───── RECORD EXTRACTS
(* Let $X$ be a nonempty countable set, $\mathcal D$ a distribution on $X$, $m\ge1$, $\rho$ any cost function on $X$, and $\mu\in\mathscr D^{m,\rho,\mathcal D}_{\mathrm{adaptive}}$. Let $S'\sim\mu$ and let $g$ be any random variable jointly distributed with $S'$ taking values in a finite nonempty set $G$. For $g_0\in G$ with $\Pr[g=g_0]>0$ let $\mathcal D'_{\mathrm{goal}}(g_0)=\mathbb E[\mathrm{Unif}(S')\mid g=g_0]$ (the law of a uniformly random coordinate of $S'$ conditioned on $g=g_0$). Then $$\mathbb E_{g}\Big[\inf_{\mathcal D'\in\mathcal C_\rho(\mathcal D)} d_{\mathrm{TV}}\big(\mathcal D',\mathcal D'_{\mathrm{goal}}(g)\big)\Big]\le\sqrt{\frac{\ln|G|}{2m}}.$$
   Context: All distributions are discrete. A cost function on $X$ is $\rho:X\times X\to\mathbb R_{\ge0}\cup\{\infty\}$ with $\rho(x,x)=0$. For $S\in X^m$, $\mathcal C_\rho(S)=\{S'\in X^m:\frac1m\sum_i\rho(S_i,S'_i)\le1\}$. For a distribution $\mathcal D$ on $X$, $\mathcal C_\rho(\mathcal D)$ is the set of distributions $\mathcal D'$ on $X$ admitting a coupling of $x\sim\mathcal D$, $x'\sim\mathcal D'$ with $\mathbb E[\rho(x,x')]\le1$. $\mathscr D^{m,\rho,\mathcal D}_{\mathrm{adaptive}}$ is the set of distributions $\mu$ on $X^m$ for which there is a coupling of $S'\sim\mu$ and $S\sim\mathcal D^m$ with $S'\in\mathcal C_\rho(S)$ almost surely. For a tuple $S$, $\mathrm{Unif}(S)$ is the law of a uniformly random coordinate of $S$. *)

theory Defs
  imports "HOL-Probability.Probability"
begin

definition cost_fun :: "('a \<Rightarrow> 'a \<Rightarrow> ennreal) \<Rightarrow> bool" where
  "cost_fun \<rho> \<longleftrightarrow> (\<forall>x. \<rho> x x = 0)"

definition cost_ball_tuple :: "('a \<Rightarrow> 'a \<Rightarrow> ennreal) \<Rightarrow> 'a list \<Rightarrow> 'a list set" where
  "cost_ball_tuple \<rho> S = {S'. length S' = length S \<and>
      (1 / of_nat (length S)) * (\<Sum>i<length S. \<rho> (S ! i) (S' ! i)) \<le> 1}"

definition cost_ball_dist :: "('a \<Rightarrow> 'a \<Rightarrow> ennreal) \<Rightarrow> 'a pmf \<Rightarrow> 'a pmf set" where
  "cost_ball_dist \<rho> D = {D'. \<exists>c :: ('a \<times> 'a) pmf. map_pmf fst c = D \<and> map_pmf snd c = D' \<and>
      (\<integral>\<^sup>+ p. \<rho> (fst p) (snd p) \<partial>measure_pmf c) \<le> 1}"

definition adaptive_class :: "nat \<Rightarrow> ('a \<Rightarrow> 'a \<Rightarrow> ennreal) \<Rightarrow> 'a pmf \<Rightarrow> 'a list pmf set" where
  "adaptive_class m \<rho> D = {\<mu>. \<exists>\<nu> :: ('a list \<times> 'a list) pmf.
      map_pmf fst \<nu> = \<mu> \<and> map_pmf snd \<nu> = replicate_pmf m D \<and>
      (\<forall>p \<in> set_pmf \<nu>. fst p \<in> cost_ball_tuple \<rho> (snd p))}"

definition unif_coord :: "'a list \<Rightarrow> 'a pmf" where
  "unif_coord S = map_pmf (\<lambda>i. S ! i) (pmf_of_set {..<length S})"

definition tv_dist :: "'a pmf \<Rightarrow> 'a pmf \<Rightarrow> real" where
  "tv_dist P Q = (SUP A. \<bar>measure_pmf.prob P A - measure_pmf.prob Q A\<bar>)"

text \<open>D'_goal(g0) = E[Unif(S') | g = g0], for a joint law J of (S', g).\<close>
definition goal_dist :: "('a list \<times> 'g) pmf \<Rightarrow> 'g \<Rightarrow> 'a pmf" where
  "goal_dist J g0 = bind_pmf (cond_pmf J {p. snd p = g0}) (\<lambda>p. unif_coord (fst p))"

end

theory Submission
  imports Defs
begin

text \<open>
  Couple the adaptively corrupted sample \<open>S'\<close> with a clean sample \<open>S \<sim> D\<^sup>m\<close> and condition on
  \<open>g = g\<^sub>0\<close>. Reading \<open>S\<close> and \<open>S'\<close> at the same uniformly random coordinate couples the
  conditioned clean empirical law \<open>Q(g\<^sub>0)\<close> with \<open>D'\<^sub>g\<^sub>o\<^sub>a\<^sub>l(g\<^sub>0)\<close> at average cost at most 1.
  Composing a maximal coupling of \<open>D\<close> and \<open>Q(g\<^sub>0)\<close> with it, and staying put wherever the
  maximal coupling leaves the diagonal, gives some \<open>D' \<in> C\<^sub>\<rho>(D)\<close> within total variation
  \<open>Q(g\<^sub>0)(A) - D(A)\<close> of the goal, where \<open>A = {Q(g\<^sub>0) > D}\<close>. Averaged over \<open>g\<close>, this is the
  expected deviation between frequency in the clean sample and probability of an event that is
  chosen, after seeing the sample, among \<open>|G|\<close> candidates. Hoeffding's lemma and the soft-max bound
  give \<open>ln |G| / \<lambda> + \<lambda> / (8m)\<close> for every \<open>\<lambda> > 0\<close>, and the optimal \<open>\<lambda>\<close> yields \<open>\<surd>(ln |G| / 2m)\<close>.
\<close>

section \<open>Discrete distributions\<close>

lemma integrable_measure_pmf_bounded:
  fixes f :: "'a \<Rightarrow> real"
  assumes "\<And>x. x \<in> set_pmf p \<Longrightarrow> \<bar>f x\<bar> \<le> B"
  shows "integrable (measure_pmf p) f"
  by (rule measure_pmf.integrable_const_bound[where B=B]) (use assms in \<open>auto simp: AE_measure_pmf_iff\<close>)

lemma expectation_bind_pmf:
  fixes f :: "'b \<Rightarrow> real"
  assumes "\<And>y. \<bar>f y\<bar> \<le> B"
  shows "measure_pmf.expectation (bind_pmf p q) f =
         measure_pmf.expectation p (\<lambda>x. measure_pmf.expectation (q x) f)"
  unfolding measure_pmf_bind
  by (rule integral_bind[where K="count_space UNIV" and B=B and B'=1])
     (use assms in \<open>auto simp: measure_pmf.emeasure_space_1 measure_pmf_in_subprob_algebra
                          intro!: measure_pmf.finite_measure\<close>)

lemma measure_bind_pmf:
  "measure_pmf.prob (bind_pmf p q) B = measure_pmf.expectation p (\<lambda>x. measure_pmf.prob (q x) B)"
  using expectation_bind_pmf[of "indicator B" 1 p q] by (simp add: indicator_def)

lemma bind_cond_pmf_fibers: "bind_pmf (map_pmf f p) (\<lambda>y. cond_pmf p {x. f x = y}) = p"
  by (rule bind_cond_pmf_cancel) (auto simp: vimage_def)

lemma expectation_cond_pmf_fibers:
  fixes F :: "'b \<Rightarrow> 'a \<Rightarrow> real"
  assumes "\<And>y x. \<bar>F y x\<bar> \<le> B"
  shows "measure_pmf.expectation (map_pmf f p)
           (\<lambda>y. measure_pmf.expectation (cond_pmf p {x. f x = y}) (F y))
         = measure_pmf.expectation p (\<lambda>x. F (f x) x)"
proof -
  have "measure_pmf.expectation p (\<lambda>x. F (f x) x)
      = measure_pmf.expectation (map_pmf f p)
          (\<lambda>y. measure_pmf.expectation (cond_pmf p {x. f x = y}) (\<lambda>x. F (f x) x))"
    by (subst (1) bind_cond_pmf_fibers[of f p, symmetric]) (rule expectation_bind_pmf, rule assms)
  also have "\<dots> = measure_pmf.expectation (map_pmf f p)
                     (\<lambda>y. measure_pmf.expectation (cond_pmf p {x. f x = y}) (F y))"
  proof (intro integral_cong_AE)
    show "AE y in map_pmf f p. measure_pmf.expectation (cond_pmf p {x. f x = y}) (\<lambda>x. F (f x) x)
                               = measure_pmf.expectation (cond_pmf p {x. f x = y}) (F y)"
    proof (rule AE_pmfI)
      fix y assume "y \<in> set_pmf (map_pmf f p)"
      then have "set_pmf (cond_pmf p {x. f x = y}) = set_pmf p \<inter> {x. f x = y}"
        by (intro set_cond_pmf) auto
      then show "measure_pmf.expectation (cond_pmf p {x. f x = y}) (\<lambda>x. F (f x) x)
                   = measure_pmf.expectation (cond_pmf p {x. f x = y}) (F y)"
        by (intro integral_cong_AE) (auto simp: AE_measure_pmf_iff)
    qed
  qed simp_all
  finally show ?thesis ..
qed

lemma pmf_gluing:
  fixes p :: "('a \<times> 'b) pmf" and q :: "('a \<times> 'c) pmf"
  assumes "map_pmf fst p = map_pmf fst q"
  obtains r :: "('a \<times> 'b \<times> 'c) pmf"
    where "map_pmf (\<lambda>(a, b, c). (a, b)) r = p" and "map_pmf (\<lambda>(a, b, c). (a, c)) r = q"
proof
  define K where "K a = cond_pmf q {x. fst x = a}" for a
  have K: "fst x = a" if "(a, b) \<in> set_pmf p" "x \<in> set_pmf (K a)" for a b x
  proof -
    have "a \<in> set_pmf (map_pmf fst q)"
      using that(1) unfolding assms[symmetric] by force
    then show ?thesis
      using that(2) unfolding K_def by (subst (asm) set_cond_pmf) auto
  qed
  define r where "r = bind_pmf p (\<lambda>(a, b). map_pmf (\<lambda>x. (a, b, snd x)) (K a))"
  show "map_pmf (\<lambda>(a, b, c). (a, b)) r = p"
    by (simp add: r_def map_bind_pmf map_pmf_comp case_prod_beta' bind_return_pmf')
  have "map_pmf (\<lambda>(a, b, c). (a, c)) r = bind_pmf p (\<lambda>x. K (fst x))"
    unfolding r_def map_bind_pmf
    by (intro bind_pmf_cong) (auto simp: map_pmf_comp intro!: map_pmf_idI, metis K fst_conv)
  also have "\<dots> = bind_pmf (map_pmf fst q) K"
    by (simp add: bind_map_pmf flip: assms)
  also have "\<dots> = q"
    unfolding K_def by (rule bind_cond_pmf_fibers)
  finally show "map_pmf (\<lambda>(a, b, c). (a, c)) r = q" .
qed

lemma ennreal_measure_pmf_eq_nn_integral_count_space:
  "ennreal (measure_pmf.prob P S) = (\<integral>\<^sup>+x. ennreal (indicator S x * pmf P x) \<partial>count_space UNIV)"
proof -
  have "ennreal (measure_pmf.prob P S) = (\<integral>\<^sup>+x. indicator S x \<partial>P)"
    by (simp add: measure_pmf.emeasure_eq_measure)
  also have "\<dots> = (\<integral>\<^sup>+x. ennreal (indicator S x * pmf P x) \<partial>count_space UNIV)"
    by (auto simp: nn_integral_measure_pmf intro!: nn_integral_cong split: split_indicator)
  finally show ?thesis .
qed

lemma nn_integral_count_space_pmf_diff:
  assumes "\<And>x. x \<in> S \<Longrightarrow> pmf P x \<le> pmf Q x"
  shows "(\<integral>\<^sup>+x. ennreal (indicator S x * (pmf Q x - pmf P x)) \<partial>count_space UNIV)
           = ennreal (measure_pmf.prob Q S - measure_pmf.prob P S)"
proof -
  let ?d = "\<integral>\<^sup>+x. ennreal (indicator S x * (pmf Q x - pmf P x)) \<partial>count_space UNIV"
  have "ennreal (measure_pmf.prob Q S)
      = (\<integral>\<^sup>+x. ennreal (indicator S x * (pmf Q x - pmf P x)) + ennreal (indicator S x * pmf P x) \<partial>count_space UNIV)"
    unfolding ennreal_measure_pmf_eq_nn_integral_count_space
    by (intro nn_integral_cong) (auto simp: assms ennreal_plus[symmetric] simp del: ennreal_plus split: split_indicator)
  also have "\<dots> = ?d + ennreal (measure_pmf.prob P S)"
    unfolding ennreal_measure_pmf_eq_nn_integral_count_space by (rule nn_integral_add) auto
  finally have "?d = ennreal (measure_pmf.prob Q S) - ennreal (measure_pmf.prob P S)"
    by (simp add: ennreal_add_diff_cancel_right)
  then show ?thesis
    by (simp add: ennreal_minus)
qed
──────────
[EXERCISE DIRECTIONS]
Count the lines in these records that hold the string "subst". Only the number is wanted.

[ANSWER TO THE PROBLEM]
2